What I want is a companion dog. At one time I owned a sheltie - very high energy, for a sheltie. I used to keep him happy with long walks, frisbee games, teaching him AKC obedience commands though I had no intention of showing, and trying flyball (total disaster - he wasn't heavy enough to get the ball to come out of the hopper). I love the intelligence and willingness to please of the herding dogs. But. Shelties - and we had several while I was growing up, besides the one that was mine alone - are kind of like owning a very bright toy dog. It's all jump, jump, jump and yip, yip, yip; all nervous energy. I'd like a dog that is just as focused but not so twitchy, if that makes sense.

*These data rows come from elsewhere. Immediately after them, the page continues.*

(* Let $\tilde N=2^{k\tilde m}$ with $1\le\tilde m<m$, and let $\varphi_{\tilde N,z}=\sum_{j=0}^{\tilde m-1}\psi_{j,z}$. Then there is a universal constant $C_F$ (independent of $k,n,\tilde m$) such that $$\mathbb E\max_{z\in V_{\tilde N}}(\varphi_{N,z}-\varphi_{\tilde N,z})\le\sqrt{8k}\,C_F.$$ Furthermore, for every $\delta>0$ and all $n$ sufficiently large (depending on $\delta$ and $k$), $$\mathbb P\Big(\max_{z\in V_{\tilde N}}(\varphi_{N,z}-\varphi_{\tilde N,z})>2\delta\log N\Big)\le 2\exp\Big(-\frac{\delta^2\log^22}{2k(m-\tilde m)}n^2\Big).$$
   Context: Let $k\ge1$ be an integer, $n\ge1$, $N=2^n$, $m=\lfloor n/k\rfloor$, and $V_M=\{0,1,\dots,M-1\}^2$; $\log$ is the natural logarithm. For $j\ge0$ let $\mathcal B_j$ be the set of boxes $x+\{0,\dots,2^j-1\}^2$ with $x\in\mathbb Z^2$, and $\mathcal B_j(z)$ those containing $z$. Let $\{b_{j,B}\}$ be independent centered Gaussians with $\mathrm{Var}(b_{j,B})=2^{-2j}$. Set $\psi_{j,z}=\sum_{B\in\mathcal B_{jk}(z)}\sqrt k\,b_{jk,B}$ and $\varphi_{N,z}=\sum_{j=0}^{m-1}\psi_{j,z}$. *)

theory Defs
  imports "HOL-Probability.Probability"
begin

definition box :: "nat \<Rightarrow> int \<times> int \<Rightarrow> (int \<times> int) set" where
  "box j x = {fst x .. fst x + 2^j - 1} \<times> {snd x .. snd x + 2^j - 1}"

definition boxes_at :: "nat \<Rightarrow> int \<times> int \<Rightarrow> (int \<times> int) set" where
  "boxes_at j z = {x. z \<in> box j x}"

definition V :: "nat \<Rightarrow> (int \<times> int) set" where
  "V M = {0..<int M} \<times> {0..<int M}"

(* psi_{j,z} = sum_{B in B_{jk}(z)} sqrt k * b_{jk,B};  b (i, x) is b_{i,B} for B = box i x *)
definition psi :: "nat \<Rightarrow> (nat \<times> (int \<times> int) \<Rightarrow> 'a \<Rightarrow> real) \<Rightarrow> nat \<Rightarrow> int \<times> int \<Rightarrow> 'a \<Rightarrow> real" where
  "psi k b j z \<omega> = (\<Sum>x\<in>boxes_at (j * k) z. sqrt (real k) * b (j * k, x) \<omega>)"

(* sum_{j=0}^{L-1} psi_{j,z}; phi_N uses L = m = n div k, phi_{N~} uses L = m~ *)
definition phi :: "nat \<Rightarrow> (nat \<times> (int \<times> int) \<Rightarrow> 'a \<Rightarrow> real) \<Rightarrow> nat \<Rightarrow> int \<times> int \<Rightarrow> 'a \<Rightarrow> real" where
  "phi k b L z \<omega> = (\<Sum>j<L. psi k b j z \<omega>)"

definition gaussian_family :: "'a measure \<Rightarrow> (nat \<times> (int \<times> int) \<Rightarrow> 'a \<Rightarrow> real) \<Rightarrow> bool" where
  "gaussian_family M b \<longleftrightarrow> prob_space M \<and>
     prob_space.indep_vars M (\<lambda>_. borel) b UNIV \<and>
     (\<forall>j x. distributed M lborel (b (j, x)) (normal_density 0 ((1/2) ^ j)))"

definition maxdiff :: "nat \<Rightarrow> (nat \<times> (int \<times> int) \<Rightarrow> 'a \<Rightarrow> real) \<Rightarrow> nat \<Rightarrow> nat \<Rightarrow> 'a \<Rightarrow> real" where
  "maxdiff k b n mt \<omega> =
     Max ((\<lambda>z. phi k b (n div k) z \<omega> - phi k b mt z \<omega>) ` V (2 ^ (k * mt)))"

end

theory Submission
  imports Defs
begin

text \<open>On \<open>V\<^sub>N\<^sub>'\<close> (with \<open>N' = 2\<^sup>k\<^sup>m\<^sup>t\<close>) the difference \<open>\<phi>\<^sub>N - \<phi>\<^sub>N\<^sub>'\<close> is a finite linear combination of the
  independent Gaussians \<open>b\<close>, hence sub-Gaussian with variance at most \<open>k (m - mt)\<close>; the difference of
  its values at two points at distance \<open>D\<close> only involves the boxes containing exactly one of them and
  has variance \<open>O (k D 2\<^sup>-\<^sup>k\<^sup>m\<^sup>t)\<close>. The expectation bound is a chaining argument along the dyadic
  approximations of the points of \<open>V\<^sub>N\<^sub>'\<close>: at level \<open>l\<close> there are at most \<open>4\<^sup>2\<^sup>l\<^sup>+\<^sup>1\<close> increments, each of
  variance at most \<open>16 k 2\<^sup>-\<^sup>l\<close>, so their maximum has expectation \<open>O (\<surd>k (l + 1) (3/4)\<^sup>l)\<close>, which is
  summable in \<open>l\<close>. The tail bound is a union bound over the \<open>4\<^sup>k\<^sup>m\<^sup>t \<le> 4\<^sup>n\<close> points; when the variance
  \<open>k (m - mt)\<close> is large compared to \<open>\<delta>\<^sup>2 n\<close> one splits off the value at the origin and applies the union
  bound to the increments from the origin instead, whose variance is only \<open>16 k\<close>.\<close>

section \<open>Sub-Gaussian random variables\<close>

definition subgaussian :: "'a measure \<Rightarrow> ('a \<Rightarrow> real) \<Rightarrow> real \<Rightarrow> bool" where
  "subgaussian M X v \<longleftrightarrow> X \<in> borel_measurable M \<and>
     (\<forall>t. integrable M (\<lambda>\<omega>. exp (t * X \<omega>)) \<and> (\<integral>\<omega>. exp (t * X \<omega>) \<partial>M) \<le> exp (t\<^sup>2 * v / 2))"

I also would not do well with a dog as high energy as a border collie - at least not the ones that compete in agility. That much drive would drive me nuts. I prefer larger dogs. Always have, but couldn't have one in an apartment. On the surface, it seems like a non-working GS would be perfect. But, I worry that I still won't be able to provide the activity a GS would need.

I'm single, so I would be solely responsible for all care and training. I work 8-5, but am also home for 40min at lunch. I have a 1500 sq ft house and a small (about 40ft x 60ft) fenced back yard. I have 2 cats, but don't figure that matters much. The dog would be 100% indoor - only outside when I am with it, but I would have it outside whenever I am. My neighborhood is extremely dog-friendly. There's a good bike path within easy walking distance, and a park about a 2 minute drive away. I must drive because it is bordered by busy 2-lane highways with no safe place to cross on foot. For that reason, even though the park is a good size, I would keep the dog on a extendable leash. I would of course take the dog to obedience classes and I'd like to try agility or maybe flyball again.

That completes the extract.